**Task item**
Reproduce exactly the lines below from the one containing "using continuous_attains_inf[OF compact_sphere]" through the one containing "(\<exists>w\<in>W. g v0", including both, and nothing else.
*** Extracted entries Section Begins ***
lemma sphere_inner_uniformly_nonzero:
  fixes W :: "'a::euclidean_space set"
  assumes "finite W" and "\<forall>v\<in>sphere 0 1. \<exists>w\<in>W. inner v w \<noteq> 0"
  obtains e where "e > 0" and "\<forall>v\<in>sphere 0 1. \<exists>w\<in>W. e < \<bar>inner v w\<bar>"
proof -
  define g where "g v = (\<Sum>w\<in>W. \<bar>inner v w\<bar>)" for v :: 'a
  have "continuous_on (sphere 0 1) g"
    unfolding g_def by (intro continuous_intros)
  moreover have "sphere (0::'a) 1 \<noteq> {}"
    by simp
  ultimately obtain v0 where v0: "v0 \<in> sphere 0 1" and v0_min: "\<And>v. v \<in> sphere 0 1 \<Longrightarrow> g v0 \<le> g v"
    using continuous_attains_inf[OF compact_sphere] by blast
  have "g v0 > 0"
    using assms v0 unfolding g_def by (force intro: sum_pos2)
  show thesis
  proof
    show "g v0 / (card W + 1) > 0"
      using \<open>g v0 > 0\<close> by simp
    show "\<forall>v\<in>sphere 0 1. \<exists>w\<in>W. g v0 / (card W + 1) < \<bar>inner v w\<bar>"
    proof (rule ballI, rule ccontr)
      fix v :: 'a
      assume "v \<in> sphere 0 1" and "\<not> (\<exists>w\<in>W. g v0 / (card W + 1) < \<bar>inner v w\<bar>)"
      then have "g v \<le> card W * (g v0 / (card W + 1))"
        unfolding g_def by (metis linorder_not_less sum_bounded_above)
      also have "\<dots> < g v0"
        using \<open>g v0 > 0\<close> by (simp add: field_simps)
      finally show False
        using v0_min[OF \<open>v \<in> sphere 0 1\<close>] by simp
    qed
  qed
qed

lemma card_halfspace_le_open_halfspace_plus_slab:
  assumes "finite U"
  shows "card {u\<in>U. inner v (u - x) \<ge> 0}
    \<le> card {u\<in>U. \<epsilon> < inner v (u - x)} + card {u\<in>U. \<bar>inner v (u - x)\<bar> \<le> \<epsilon>}"
proof -
  have "card {u\<in>U. inner v (u - x) \<ge> 0}
      \<le> card ({u\<in>U. \<epsilon> < inner v (u - x)} \<union> {u\<in>U. \<bar>inner v (u - x)\<bar> \<le> \<epsilon>})"
    using assms by (intro card_mono) auto
  then show ?thesis
    using card_Un_le le_trans by blast
qed

lemma general_position_off_hyperplane:
  fixes U :: "'a::euclidean_space set"
  assumes "general_position U" and "finite U" and "S \<subseteq> U" and "DIM('a) < card S" and "v \<noteq> 0"
  shows "\<exists>u\<in>S. inner v (u - x) \<noteq> 0"
proof (rule ccontr)
  assume "\<not> ?thesis"
  then have "S \<subseteq> U \<inter> {y. inner v y = inner v x}"
    using assms(3) by (auto simp: inner_diff_right)
  then have "card S \<le> card (U \<inter> {y. inner v y = inner v x})"
    using assms(2) by (simp add: card_mono)
  moreover have "card (U \<inter> {y. inner v y = inner v x}) \<le> DIM('a)"
    using assms(1,5) unfolding general_position_def by (simp add: affine_hyperplane)
  ultimately show False
    using assms(4) by simp
qed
*** Extracted entries Section Ends ***
**Your solution**
    using continuous_attains_inf[OF compact_sphere] by blast
  have "g v0 > 0"
    using assms v0 unfolding g_def by (force intro: sum_pos2)
  show thesis
  proof
    show "g v0 / (card W + 1) > 0"
      using \<open>g v0 > 0\<close> by simp
    show "\<forall>v\<in>sphere 0 1. \<exists>w\<in>W. g v0 / (card W + 1) < \<bar>inner v w\<bar>"
    proof (rule ballI, rule ccontr)
      fix v :: 'a
      assume "v \<in> sphere 0 1" and "\<not> (\<exists>w\<in>W. g v0 / (card W + 1) < \<bar>inner v w\<bar>)"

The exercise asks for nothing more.